Клозе хмыкнул. От этой известности проблем всегда было больше, чем преимуществ. Никто не спрашивал его согласия, когда имперская пропаганда превратила их совместный с Юлием полет на «Одиссее» в подвиг и создала героев из двух пилотов, которые просто выполняли приказ и хотели выжить. Когда обстоятельства сложились таким образом, что Юлий был вынужден занять престол, известность сыграла ему на руку.

Теперь тот же фокус пытались провернуть с Клозе. Правда, за ним числилось на один «подвиг» больше. День, когда Клозе потерял остатки своей эскадрильи и еле унес ноги с оккупированной таргами Сахары, из обычного героя превратил его в настоящую живую легенду.

– Человек, которого уважает Генштаб, – продолжила Пенелопа.

– Вряд ли они меня до сих пор уважают, – заметил Клозе. – Скорее меня там не любят. Особенно после того разноса, который я устроил им за Великий Китай.

Клозе казалось, что в Генштабе его считают выскочкой, который пролез на столь высокую должность благодаря протекции императора. Тем более что отчасти именно так оно и было. Никто, кроме Юлия, не назначил бы Клозе советником по вопросам безопасности. В его возрасте Клозе мог бы претендовать разве что на роль адъютанта какой-нибудь не слишком важной шишки Генштаба, а вместо этого оказался куратором этого сборища твердоголовых военных.

Клозе не питал иллюзий относительно своей персоны.

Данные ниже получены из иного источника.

definition abelian_cat :: "('o, 'm) cat \<Rightarrow> bool" where
  "abelian_cat C \<longleftrightarrow> category C \<and>
     (\<exists>z. zero_obj C z) \<and>
     (\<forall>a \<in> Obj C. \<forall>b \<in> Obj C. \<exists>p p1 p2. is_product C a b p p1 p2) \<and>
     (\<forall>a \<in> Obj C. \<forall>b \<in> Obj C. \<exists>s i1 i2. is_coproduct C a b s i1 i2) \<and>
     (\<forall>f \<in> Arr C. \<exists>k. is_kernel C f k) \<and>
     (\<forall>f \<in> Arr C. \<exists>c. is_cokernel C f c) \<and>
     (\<forall>m. mono C m \<longrightarrow> (\<exists>f. is_kernel C f m)) \<and>
     (\<forall>e. epi C e \<longrightarrow> (\<exists>f. is_cokernel C f e))"

definition is_biproduct ::
  "('o, 'm) cat \<Rightarrow> nat \<Rightarrow> (nat \<Rightarrow> 'o) \<Rightarrow> 'o \<Rightarrow> (nat \<Rightarrow> 'm) \<Rightarrow> (nat \<Rightarrow> 'm) \<Rightarrow> bool" where
  "is_biproduct C n N S \<iota> \<pi> \<longleftrightarrow> S \<in> Obj C \<and>
     (\<forall>i \<in> {1..n}. \<iota> i \<in> hom C (N i) S \<and> \<pi> i \<in> hom C S (N i) \<and>
        Comp C (\<pi> i) (\<iota> i) = Id C (N i)) \<and>
     (\<forall>i \<in> {1..n}. \<forall>j \<in> {1..n}. i \<noteq> j \<longrightarrow> zero_mor C (Comp C (\<pi> j) (\<iota> i))) \<and>
     (\<forall>x f. (\<forall>i \<in> {1..n}. f i \<in> hom C x (N i)) \<longrightarrow>
        (\<exists>!u. u \<in> hom C x S \<and> (\<forall>i \<in> {1..n}. Comp C (\<pi> i) u = f i))) \<and>
     (\<forall>x f. (\<forall>i \<in> {1..n}. f i \<in> hom C (N i) x) \<longrightarrow>
        (\<exists>!u. u \<in> hom C S x \<and> (\<forall>i \<in> {1..n}. Comp C u (\<iota> i) = f i)))"

definition is_section :: "('o, 'm) cat \<Rightarrow> 'm \<Rightarrow> bool" where
  "is_section C f \<longleftrightarrow> f \<in> Arr C \<and>
     (\<exists>f'. f' \<in> hom C (Cod C f) (Dom C f) \<and> Comp C f' f = Id C (Dom C f))"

С его мнением считался разве что адмирал Круз, остальные просто мирились с положением вещей и блажью молодого императора.

Дело было вовсе не в уважении, которое Генштаб мог питать к Клозе. И не в хороших отношениях барона с Винсентом Коллоджерро, бывшим директором УИБ.

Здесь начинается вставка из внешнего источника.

lemma poly_funs_linearly_dependent:
  assumes "finite K" "finite A" "card (exponents_le K e) < card A"
    and "\<And>\<alpha>. \<alpha> \<in> A \<Longrightarrow> poly_fun_deg_le K e (g \<alpha>)"
  shows "\<exists>c. (\<exists>\<alpha>\<in>A. c \<alpha> \<noteq> 0) \<and> (\<forall>x. (\<Sum>\<alpha>\<in>A. c \<alpha> * g \<alpha> x) = 0)"
proof -
  have "\<forall>\<alpha>\<in>A. \<exists>L. \<forall>x. g \<alpha> x = (\<Sum>\<beta>\<in>exponents_le K e. L \<beta> * monom_fun K \<beta> x)"
    using assms(4) unfolding poly_fun_deg_le_def by blast
  then obtain L where L: "\<And>\<alpha> x. \<alpha> \<in> A \<Longrightarrow> g \<alpha> x = (\<Sum>\<beta>\<in>exponents_le K e. L \<alpha> \<beta> * monom_fun K \<beta> x)"
    by metis
  obtain c where c: "\<exists>\<alpha>\<in>A. c \<alpha> \<noteq> 0" "\<forall>\<beta>\<in>exponents_le K e. (\<Sum>\<alpha>\<in>A. c \<alpha> * L \<alpha> \<beta>) = 0"
    using exists_nontrivial_left_kernel[OF finite_exponents_le[OF assms(1)] assms(2,3)] by blast
  have "(\<Sum>\<alpha>\<in>A. c \<alpha> * g \<alpha> x) = (\<Sum>\<beta>\<in>exponents_le K e. (\<Sum>\<alpha>\<in>A. c \<alpha> * L \<alpha> \<beta>) * monom_fun K \<beta> x)" for x
    by (simp add: L sum_distrib_left sum_distrib_right mult.assoc cong: sum.cong) (rule sum.swap)
  then show ?thesis using c by auto
qed

lemma monomial_count_ineq:
  fixes s e k :: nat
  assumes "k < s" "1 \<le> e"
  shows "((s * e) ^ k * s * e + 1) ^ k < ((s * e) ^ k + 1) ^ s"
proof -
  define D where "D = (s * e) ^ k"
  have "(D * s * e + 1) ^ k \<le> ((D + 1) * (s * e)) ^ k"
    using assms by (intro power_mono) (auto simp: algebra_simps)
  also have "\<dots> = (D + 1) ^ k * D" by (simp only: power_mult_distrib D_def)
  also have "\<dots> < (D + 1) ^ Suc k" by simp
  also have "\<dots> \<le> (D + 1) ^ s" using assms by (intro power_increasing) auto
  finally show ?thesis unfolding D_def .
qed

lemma monom_fun_divide:
  fixes p :: "'t \<Rightarrow> real"
  shows "monom_fun T \<alpha> (\<lambda>t. p t / r) = monom_fun T \<alpha> p / r ^ (\<Sum>t\<in>T. \<alpha> t)"
  unfolding monom_fun_def by (simp add: power_divide prod_dividef power_sum)

lemma poly_fun_deg_le_homogenized:
  assumes K: "finite K" and "finite T" "\<And>t. t \<in> T \<Longrightarrow> poly_fun_deg_le K e (p t)"
    and "poly_fun_deg_le K e q" "(\<Sum>t\<in>T. \<alpha> t) \<le> N"
  shows "poly_fun_deg_le K (e * N) (\<lambda>x. monom_fun T \<alpha> (\<lambda>t. p t x) * q x ^ (N - (\<Sum>t\<in>T. \<alpha> t)))"
proof -
  have "poly_fun_deg_le K ((\<Sum>t\<in>T. e * \<alpha> t) + e * (N - (\<Sum>t\<in>T. \<alpha> t)))
          (\<lambda>x. monom_fun T \<alpha> (\<lambda>t. p t x) * q x ^ (N - (\<Sum>t\<in>T. \<alpha> t)))"
    unfolding monom_fun_def using assms
    by (intro poly_fun_deg_le_mult[OF K] poly_fun_deg_le_prod[OF K] poly_fun_deg_le_power[OF K]) auto
  moreover have "(\<Sum>t\<in>T. e * \<alpha> t) + e * (N - (\<Sum>t\<in>T. \<alpha> t)) = e * N"
    using assms(5) by (simp add: sum_distrib_left[symmetric] add_mult_distrib2[symmetric])
  ultimately show ?thesis by simp
qed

Генштаб, за которым стояла вся мощь ВКС, вполне был способен устроить мятеж и добиться успеха без помощи людей из УИБ. После чего адмирал Круз мог бы продолжить войну с таргами по своему собственному разумению. Но вряд ли бы он выдержал политические последствия такого хода. Империя – это не только армия, и ВКС не смогут вести войну без крепкого тыла, который в данном случае было способно обеспечить только УИБ.

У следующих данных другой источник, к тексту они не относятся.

lemma H_boundedI:
  fixes p alpha lam mu nu :: real
  assumes p: "1 < p" and hom: "lam = mu + nu + 1 - (alpha + 1) / p" and "0 < nu" "nu < lam"
  shows "H_bounded p alpha lam mu nu"
proof -
  define q where "q = p / (p - 1)"
  have pq: "1/p + 1/q = 1" using p unfolding q_def by (simp add: field_simps)
  obtain A where "A > 0" and kernel: "\<And>y. y > 0 \<Longrightarrow>
      (\<integral>\<^sup>+x\<in>{0<..}. ennreal ((hkernel lam mu nu x y * x powr (-alpha/p)) powr q) \<partial>lborel) \<le> ennreal A"
    using weighted_kernel_Lq_bound[OF p pq hom \<open>0 < nu\<close> \<open>nu < lam\<close>] by blast
  show ?thesis unfolding H_bounded_def
  proof (intro exI[of _ "A powr (1/q)"] allI impI conjI)
    fix f assume f: "in_Lp_alpha p alpha f"
    then show "set_borel_measurable lborel {0<..} (Hop lam mu nu f)"
      unfolding in_Lp_alpha_def by (intro Hop_measurable) simp
    have bound: "(\<integral>\<^sup>+x\<in>{0<..}. ennreal \<bar>hkernel lam mu nu x y * f x\<bar> \<partial>lborel)
        \<le> ennreal (A powr (1/q) * Lp_alpha_norm p alpha f)" if "y > 0" for y
      by (rule Hop_integrand_bound[OF p pq f \<open>A > 0\<close> kernel[OF that]])
    have [measurable]: "(\<lambda>x. indicator {0<..} x *\<^sub>R f x) \<in> borel_measurable lborel"
      using f unfolding in_Lp_alpha_def set_borel_measurable_def by simp
    have measurable: "set_borel_measurable lborel {0<..} (\<lambda>x. hkernel lam mu nu x y * f x)" for y
    proof -
      have "(\<lambda>x. hkernel lam mu nu x y * (indicator {0<..} x *\<^sub>R f x)) \<in> borel_measurable lborel"
        unfolding hkernel_def by measurable
      moreover have "(\<lambda>x. indicator {0<..} x *\<^sub>R (hkernel lam mu nu x y * f x))
          = (\<lambda>x. hkernel lam mu nu x y * (indicator {0<..} x *\<^sub>R f x))"
        by (simp add: fun_eq_iff)
      ultimately show ?thesis unfolding set_borel_measurable_def by simp
    qed
    have norm_integrand: "(\<integral>\<^sup>+x. ennreal (norm (indicator {0<..} x *\<^sub>R (hkernel lam mu nu x y * f x))) \<partial>lborel)
        = (\<integral>\<^sup>+x\<in>{0<..}. ennreal \<bar>hkernel lam mu nu x y * f x\<bar> \<partial>lborel)" for y
      by (intro nn_integral_cong) (simp split: split_indicator)
    show integrable: "set_integrable lborel {0<..} (\<lambda>x. hkernel lam mu nu x y * f x)"
      if "y > 0" for y
      using measurable[of y] le_less_trans[OF bound[OF that]]
      unfolding set_integrable_def set_borel_measurable_def integrable_iff_bounded norm_integrand
      by simp
    show "AE y in lborel. y > 0 \<longrightarrow> \<bar>Hop lam mu nu f y\<bar> \<le> A powr (1/q) * Lp_alpha_norm p alpha f"
    proof (intro AE_I2 impI)
      fix y :: real assume "y > 0"
      have "ennreal \<bar>Hop lam mu nu f y\<bar>
          \<le> (\<integral>\<^sup>+x\<in>{0<..}. ennreal \<bar>hkernel lam mu nu x y * f x\<bar> \<partial>lborel)"
        using integral_norm_bound_ennreal[OF integrable[OF \<open>y > 0\<close>, unfolded set_integrable_def]]
        unfolding Hop_def set_lebesgue_integral_def norm_integrand by simp
      also have "\<dots> \<le> ennreal (A powr (1/q) * Lp_alpha_norm p alpha f)" by (rule bound[OF \<open>y > 0\<close>])
      finally have "ennreal \<bar>Hop lam mu nu f y\<bar> \<le> ennreal (A powr (1/q) * Lp_alpha_norm p alpha f)" .
      moreover have "0 \<le> A powr (1/q) * Lp_alpha_norm p alpha f" by (simp add: Lp_alpha_norm_def)
      ultimately show "\<bar>Hop lam mu nu f y\<bar> \<le> A powr (1/q) * Lp_alpha_norm p alpha f" by simp
    qed
  qed
qed

lemma exponent_conditions_iff:
  fixes p alpha lam mu nu :: real
  assumes "1 < p" and "lam = mu + nu + 1 - (alpha + 1) / p"
  shows "p * (mu + 1 - lam) < alpha + 1 \<longleftrightarrow> 0 < nu"
    and "alpha + 1 < p * (mu + 1) \<longleftrightarrow> nu < lam"
proof -
  have alpha: "alpha + 1 = p * (mu + nu + 1 - lam)" using assms by (simp add: field_simps)
  have "p * (mu + 1 - lam) < p * (mu + nu + 1 - lam) \<longleftrightarrow> mu + 1 - lam < mu + nu + 1 - lam"
    using assms(1) by (intro mult_less_cancel_left_pos) simp
  then show "p * (mu + 1 - lam) < alpha + 1 \<longleftrightarrow> 0 < nu" unfolding alpha by simp
  have "p * (mu + nu + 1 - lam) < p * (mu + 1) \<longleftrightarrow> mu + nu + 1 - lam < mu + 1"
    using assms(1) by (intro mult_less_cancel_left_pos) simp
  then show "alpha + 1 < p * (mu + 1) \<longleftrightarrow> nu < lam" unfolding alpha by simp
qed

Клозе считал, что мятежникам нужна ширма, фигура, которая будет принята народом и за которую смогут спрятаться истинные правители Империи. Это уже не имело к монархии ровным счетом никакого отношения. К власти рвались серые кардиналы, считающие, что они в состоянии взять ситуацию под контроль и выиграть войну. Благие намерения, конечно, и Клозе не стал бы с этим спорить. Однако он был убежден, что все серые кардиналы всех времен всегда руководствовались именно благими намерениями.

Никто не рвется к власти, чтобы окончательно все изгадить, все пытаются сделать лучше. Но получается не у всех.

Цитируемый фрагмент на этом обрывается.